There was an opening there and a view of the valley with
trees, blue in the distance, at the furthest visible point.
"Do you see them trees?" he said. "That's where Harping is;
'tis two miles or, perhaps, a little more from Thorpe.
There's a church tower among them trees, but you can't see it
because 'tis hid. You go by the road till you comes to the
church, then you go on by the water, maybe a quarter of a
mile, and you comes to Woodyates. You won't see no difference
in it; I've knowed it since I were a boy, but 'tis in Harping
parish, not in Thorpe."
Now he remembered the name--Harping, near Thorpe--only Thorpe
was the more important village where the inn was and the
shops.
In less than an hour after leaving his informant he was at
Woodyates, feasting his eyes on the old house of his dreams
and of his exiled father's before him, inexpressibly glad to
recognize it as the very house he had loved so long--that he
had been deceived by no false image.
For some days he haunted the spot, then became a lodger at the
farm-house, and now after making some inquiries he had found
that the owner was willing to sell the place for something
more than its market value, and he was going up to London
about it.
At Waterloo I wished him happiness in his old home found again
after so many years, then watched him as he walked briskly
away--as commonplace-looking a man as could be seen on that
busy crowded platform, in his suit of rough grey tweeds, thick
boots, and bowler hat. Yet one whose fortune might be envied
by many even among the successful--one who had cherished a
secret thought and feeling, which had been to him like the
shadow of a rock and like a cool spring in a dry and thirsty
land.
And in that host of undistinguished Colonials and others of
British race from all regions of the earth, who annually visit
these shores on business or for pleasure or some other object,
how many there must be who come with some such memory or dream
or aspiration in their hearts! A greater number probably than
we imagine. For most of them there is doubtless
disappointment and disillusion: it is a matter of the heart, a
sentiment about which some are not given to speak. He too, my
fellow-passenger, would no doubt have held his peace had his
dream not met with so perfect a fulfilment. As it was he had
to tell his joy to some one, though it were to a stranger.
Chapter Fifteen: Summer Days on the Otter
The most characteristic district of South Devon, the greenest,
most luxuriant in its vegetation, and perhaps the hottest in
England, is that bit of country between the Exe and the Axe
which is watered by the Clyst, the Otter, and the Sid. In any
one of a dozen villages found beside these pretty little
rivers a man might spend a month, a year, a lifetime, very
agreeably, ceasing not to congratulate himself on the good
fortune which first led him into such a garden. Yet after a
week or two in this luxurious land I began to be dissatisfied
with my surroundings. It was June; the weather was
exceptionally dry and sultry. Vague thoughts, or "visitings"
of mountains and moors and coasts would intrude to make the
confinement of deep lanes seem increasingly irksome.

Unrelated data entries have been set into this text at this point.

(* Let $G$ be a simple graph and let $G'$ be a minor of $G$, and let $k$ be an integer with $1\le k<|V(G')|$. Then $F_k(G')$ is a minor of $F_k(G)$.
   Context: For a simple graph $G=(V,E)$ on $n$ vertices and an integer $1\le k<n$, the $k$-token graph $F_k(G)$ is the graph whose vertices are all $k$-element subsets of $V$, two such subsets $A,B$ being adjacent whenever their symmetric difference $A\triangle B$ is a pair $\{a,b\}$ with $a$ adjacent to $b$ in $G$. A graph $H$ is a minor of $G$ if a graph isomorphic to $H$ can be obtained from $G$ by contracting edges, deleting edges, and deleting vertices (contractions producing simple graphs). *)

theory Defs
  imports Main
begin

type_synonym 'a graph = "'a set \<times> 'a set set"

definition verts :: "'a graph \<Rightarrow> 'a set" where
  "verts G = fst G"

definition edges :: "'a graph \<Rightarrow> 'a set set" where
  "edges G = snd G"

definition simple_graph :: "'a graph \<Rightarrow> bool" where
  "simple_graph G \<longleftrightarrow> finite (verts G) \<and>
     (\<forall>e\<in>edges G. e \<subseteq> verts G \<and> card e = 2)"

definition delete_edge :: "'a set \<Rightarrow> 'a graph \<Rightarrow> 'a graph" where
  "delete_edge e G = (verts G, edges G - {e})"

definition delete_vertex :: "'a \<Rightarrow> 'a graph \<Rightarrow> 'a graph" where
  "delete_vertex v G = (verts G - {v}, {e \<in> edges G. v \<notin> e})"

text \<open>Contract the edge {u,v} into the vertex u (loops and parallel edges are discarded,
  so the result is simple).\<close>
definition contract_edge :: "'a \<Rightarrow> 'a \<Rightarrow> 'a graph \<Rightarrow> 'a graph" where
  "contract_edge u v G = (verts G - {v},
     {e \<in> edges G. v \<notin> e} \<union> {{u, w} | w. {v, w} \<in> edges G \<and> w \<noteq> u})"

inductive obtainable :: "'a graph \<Rightarrow> 'a graph \<Rightarrow> bool" for G :: "'a graph" where
  refl: "obtainable G G"
| del_edge: "obtainable G H \<Longrightarrow> e \<in> edges H \<Longrightarrow> obtainable G (delete_edge e H)"
| del_vertex: "obtainable G H \<Longrightarrow> v \<in> verts H \<Longrightarrow> obtainable G (delete_vertex v H)"
| contract: "obtainable G H \<Longrightarrow> {u, v} \<in> edges H \<Longrightarrow> u \<noteq> v \<Longrightarrow>
              obtainable G (contract_edge u v H)"

definition graph_iso :: "'a graph \<Rightarrow> 'b graph \<Rightarrow> bool" where
  "graph_iso G H \<longleftrightarrow> simple_graph G \<and> simple_graph H \<and>
     (\<exists>f. bij_betw f (verts G) (verts H) \<and>
        (\<forall>x\<in>verts G. \<forall>y\<in>verts G. {x, y} \<in> edges G \<longleftrightarrow> {f x, f y} \<in> edges H))"

definition minor :: "'b graph \<Rightarrow> 'a graph \<Rightarrow> bool" where
  "minor H G \<longleftrightarrow> (\<exists>G0. obtainable G G0 \<and> graph_iso H G0)"

definition token_graph :: "nat \<Rightarrow> 'a graph \<Rightarrow> 'a set graph" where
  "token_graph k G =
     ({A. A \<subseteq> verts G \<and> card A = k},
      {{A, B} | A B. A \<subseteq> verts G \<and> card A = k \<and> B \<subseteq> verts G \<and> card B = k \<and>
         (\<exists>a b. (A - B) \<union> (B - A) = {a, b} \<and> {a, b} \<in> edges G)})"

end

theory Submission
  imports Defs
begin

text \<open>
  Token graphs are compatible with each minor operation. Deleting an edge of \<open>G\<close> leaves a
  spanning subgraph of \<open>F\<^sub>k(G)\<close>, and deleting a vertex \<open>v\<close> deletes the \<open>k\<close>-sets containing \<open>v\<close>.
  Contracting \<open>uv\<close> identifies \<open>v\<close> with \<open>u\<close>; on \<open>k\<close>-sets this is \<open>A \<mapsto> A[v := u]\<close>, which is
  injective away from the sets containing both \<open>u\<close> and \<open>v\<close>. Hence \<open>F\<^sub>k(G/uv)\<close> is obtained from
  \<open>F\<^sub>k(G)\<close> by deleting those sets and then contracting the edges \<open>{A, A[v := u]}\<close> for all \<open>A\<close>
  containing \<open>v\<close> but not \<open>u\<close>; these edges form a star forest, so they can be contracted one
  by one. Finally, an isomorphism of graphs induces one of their token graphs.
\<close>

lemma graph_eqI: "verts G = verts H \<Longrightarrow> edges G = edges H \<Longrightarrow> G = H"
  by (simp add: verts_def edges_def prod_eq_iff)

lemma verts_delete_edge [simp]: "verts (delete_edge e H) = verts H"
  and edges_delete_edge [simp]: "edges (delete_edge e H) = edges H - {e}"
  by (simp_all add: delete_edge_def verts_def edges_def)

lemma verts_delete_vertex [simp]: "verts (delete_vertex v H) = verts H - {v}"
  and edges_delete_vertex [simp]: "edges (delete_vertex v H) = {e \<in> edges H. v \<notin> e}"
  by (simp_all add: delete_vertex_def verts_def edges_def)

lemma simple_graph_delete_edge: "simple_graph H \<Longrightarrow> simple_graph (delete_edge e H)"
  unfolding simple_graph_def delete_edge_def verts_def edges_def by simp

lemma simple_graph_delete_vertex: "simple_graph H \<Longrightarrow> simple_graph (delete_vertex v H)"
  unfolding simple_graph_def delete_vertex_def verts_def edges_def by auto

lemma simple_graph_edge_card: "simple_graph H \<Longrightarrow> e \<in> edges H \<Longrightarrow> card e = 2"
  by (simp add: simple_graph_def)

lemma simple_graph_edge_subset: "simple_graph H \<Longrightarrow> e \<in> edges H \<Longrightarrow> e \<subseteq> verts H"
  by (simp add: simple_graph_def)

lemma simple_graph_finite_edges:
  assumes "simple_graph H" shows "finite (edges H)"
proof -
  have "edges H \<subseteq> Pow (verts H)" using assms by (auto simp: simple_graph_def)
  then show ?thesis using assms by (simp add: simple_graph_def finite_subset)
qed

section \<open>Images of graphs under vertex maps\<close>

text \<open>Identify vertices along \<open>f\<close>, discarding edges that collapse to a single vertex; both
  contractions and isomorphisms are of this form.\<close>
definition map_graph :: "('a \<Rightarrow> 'b) \<Rightarrow> 'a graph \<Rightarrow> 'b graph" where
  "map_graph f H = (f ` verts H, {f ` e | e. e \<in> edges H \<and> card (f ` e) = 2})"

lemma verts_map_graph [simp]: "verts (map_graph f H) = f ` verts H"
  by (simp add: map_graph_def verts_def)

lemma edges_map_graph: "edges (map_graph f H) = {f ` e | e. e \<in> edges H \<and> card (f ` e) = 2}"
  by (simp add: map_graph_def edges_def)

lemma edges_map_graphI:
  "e \<in> edges H \<Longrightarrow> card (f ` e) = 2 \<Longrightarrow> f ` e \<in> edges (map_graph f H)"
  unfolding edges_map_graph by blast

lemma edges_map_graph_lift:
  assumes "simple_graph H" "{a, b} \<in> edges (map_graph f H)"
  obtains a' b' where "{a', b'} \<in> edges H" "f a' = a" "f b' = b"
proof -
  obtain e where e: "{a, b} = f ` e" "e \<in> edges H" "card (f ` e) = 2"
    using assms(2) unfolding edges_map_graph by blast
  obtain x y where "e = {x, y}"
    using simple_graph_edge_card[OF assms(1) e(2)] by (meson card_2_iff)
  then have "{a, b} = {f x, f y}" "{x, y} \<in> edges H" "{y, x} \<in> edges H"
    using e by (auto simp: insert_commute)
  then show ?thesis using that by (metis doubleton_eq_iff)
qed

lemma simple_graph_map_graph: "simple_graph H \<Longrightarrow> simple_graph (map_graph f H)"
  by (auto simp: simple_graph_def map_graph_def verts_def edges_def)

lemma map_graph_cong:
  assumes "simple_graph H" "\<And>x. x \<in> verts H \<Longrightarrow> f x = g x"
  shows "map_graph f H = map_graph g H"
proof -
  have "f ` e = g ` e" if "e \<in> edges H" for e
    using simple_graph_edge_subset[OF assms(1) that] assms(2) by (intro image_cong) auto
  then have "{f ` e | e. e \<in> edges H \<and> card (f ` e) = 2} = {g ` e | e. e \<in> edges H \<and> card (g ` e) = 2}"
    by metis
  moreover have "f ` verts H = g ` verts H" using assms(2) by (intro image_cong) auto
  ultimately show ?thesis by (simp add: map_graph_def)
qed

lemma map_graph_id:
  assumes "simple_graph H" shows "map_graph id H = H"
proof -
  have "{id ` e | e. e \<in> edges H \<and> card (id ` e) = 2} = edges H"
    using assms by (auto simp: simple_graph_def)
  then show ?thesis by (simp add: map_graph_def verts_def edges_def)
qed

lemma map_graph_comp:
  assumes "simple_graph H" shows "map_graph g (map_graph f H) = map_graph (g \<circ> f) H"
proof -
  have card_f: "card (f ` e) = 2" if "e \<in> edges H" "card (g ` f ` e) = 2" for e
  proof -
    have "finite e" "card e = 2" using assms that by (auto simp: simple_graph_def intro: card_ge_0_finite)
    then have "card (g ` f ` e) \<le> card (f ` e)" "card (f ` e) \<le> 2"
      by (metis card_image_le finite_imageI)+
    then show ?thesis using that by linarith
  qed
  have "{g ` e' | e'. e' \<in> edges (map_graph f H) \<and> card (g ` e') = 2}
      = {(g \<circ> f) ` e | e. e \<in> edges H \<and> card ((g \<circ> f) ` e) = 2}"
    unfolding edges_map_graph image_comp[symmetric] using card_f by blast
  then show ?thesis
    by (simp add: map_graph_def[of g] map_graph_def[of "g \<circ> f"] edges_def[symmetric] image_comp)
qed

lemma graph_iso_map_graph:
  assumes H: "simple_graph H" and g: "inj_on g (verts H)"
  shows "graph_iso H (map_graph g H)"
proof -
  have "{x, y} \<in> edges H \<longleftrightarrow> {g x, g y} \<in> edges (map_graph g H)"
    if "x \<in> verts H" "y \<in> verts H" for x y
  proof
    assume xy: "{x, y} \<in> edges H"
    have "card (g ` {x, y}) = card {x, y}"
      using that by (intro card_image inj_on_subset[OF g]) auto
    then have "card (g ` {x, y}) = 2" using simple_graph_edge_card[OF H xy] by simp
    then show "{g x, g y} \<in> edges (map_graph g H)" using edges_map_graphI[OF xy] by simp
  next
    assume "{g x, g y} \<in> edges (map_graph g H)"
    then obtain e where "g ` {x, y} = g ` e" "e \<in> edges H" unfolding edges_map_graph by auto
    moreover from this have "e = {x, y}"
      using inj_on_image_eq_iff[OF g, of "{x, y}" e] that simple_graph_edge_subset[OF H] by auto
    ultimately show "{x, y} \<in> edges H" by simp
  qed
  moreover have "bij_betw g (verts H) (verts (map_graph g H))"
    using inj_on_imp_bij_betw[OF g] by simp
  ultimately show ?thesis unfolding graph_iso_def using H simple_graph_map_graph[OF H] by blast
qed

lemma graph_iso_imp_map_graph:
  assumes "graph_iso G1 G2"
  obtains g where "inj_on g (verts G1)" "G2 = map_graph g G1"
proof -
  obtain g where bij: "bij_betw g (verts G1) (verts G2)"
    and edge_iff: "\<And>x y. x \<in> verts G1 \<Longrightarrow> y \<in> verts G1 \<Longrightarrow> {x, y} \<in> edges G1 \<longleftrightarrow> {g x, g y} \<in> edges G2"
    using assms unfolding graph_iso_def by blast
  have G1: "simple_graph G1" and G2: "simple_graph G2" using assms by (simp_all add: graph_iso_def)
  have inj: "inj_on g (verts G1)" and verts: "g ` verts G1 = verts G2"
    using bij by (simp_all add: bij_betw_def)
  have "edges G2 = {g ` e | e. e \<in> edges G1 \<and> card (g ` e) = 2}"
  proof (intro equalityI subsetI)
    fix e' assume e': "e' \<in> edges G2"
    then obtain x' y' where "e' = {x', y'}"
      using simple_graph_edge_card[OF G2] by (meson card_2_iff)
    moreover from this have "x' \<in> g ` verts G1" "y' \<in> g ` verts G1"
      using simple_graph_edge_subset[OF G2 e'] verts by auto
    then obtain x y where "x \<in> verts G1" "x' = g x" "y \<in> verts G1" "y' = g y"
      by (meson imageE)
    ultimately have "e' = g ` {x, y}" "{x, y} \<in> edges G1" "card e' = 2"
      using e' edge_iff simple_graph_edge_card[OF G2 e'] by auto
    then show "e' \<in> {g ` e | e. e \<in> edges G1 \<and> card (g ` e) = 2}" by blast
  next
    fix e' assume "e' \<in> {g ` e | e. e \<in> edges G1 \<and> card (g ` e) = 2}"
    then obtain e where e: "e' = g ` e" "e \<in> edges G1" by blast
    then obtain x y where "e = {x, y}"
      using simple_graph_edge_card[OF G1] by (meson card_2_iff)
    moreover from this have "x \<in> verts G1" "y \<in> verts G1"
      using simple_graph_edge_subset[OF G1 e(2)] by auto
    ultimately show "e' \<in> edges G2" using e edge_iff by simp
  qed
  then have "G2 = map_graph g G1"
    using verts by (intro graph_eqI) (simp_all add: edges_map_graph)
  with inj show ?thesis by (rule that)
qed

Each day
I wandered miles in some new direction, never knowing whither
the devious path would lead me, never inquiring of any person,
nor consulting map or guide, since to do that is to deprive
oneself of the pleasure of discovery; always with a secret
wish to find some exit as it were--some place beyond the
everlasting wall of high hedges and green trees, where there
would be a wide horizon and wind blowing unobstructed over
leagues of open country to bring me back the sense of lost
liberty. I found only fresh woods and pastures new that were
like the old; other lanes leading to other farm-houses, each
in its familiar pretty setting of orchard and garden; and,
finally, other ancient villages, each with its ivy-grown grey
church tower looking down on a green graveyard and scattered
cottages, mostly mud-built and thatched with straw. Finding
no outlook on any side I went back to the streams, oftenest to
the Otter, where, lying by the hour on the bank, I watched the
speckled trout below me and the dark-plumaged dipper with
shining white breast standing solitary and curtseying on a,
stone in the middle of the current. Sometimes a kingfisher
would flash by, and occasionally I came upon a lonely grey
heron; but no mammal bigger than a watervole appeared,
although I waited and watched for the much bigger beast that
gives the river its name. Still it was good to know that he
was there, and had his den somewhere in the steep rocky bank
under the rough tangle of ivy and bramble and roots of
overhanging trees. One was shot by a farmer during my stay,
but my desire was for the living, not a dead otter.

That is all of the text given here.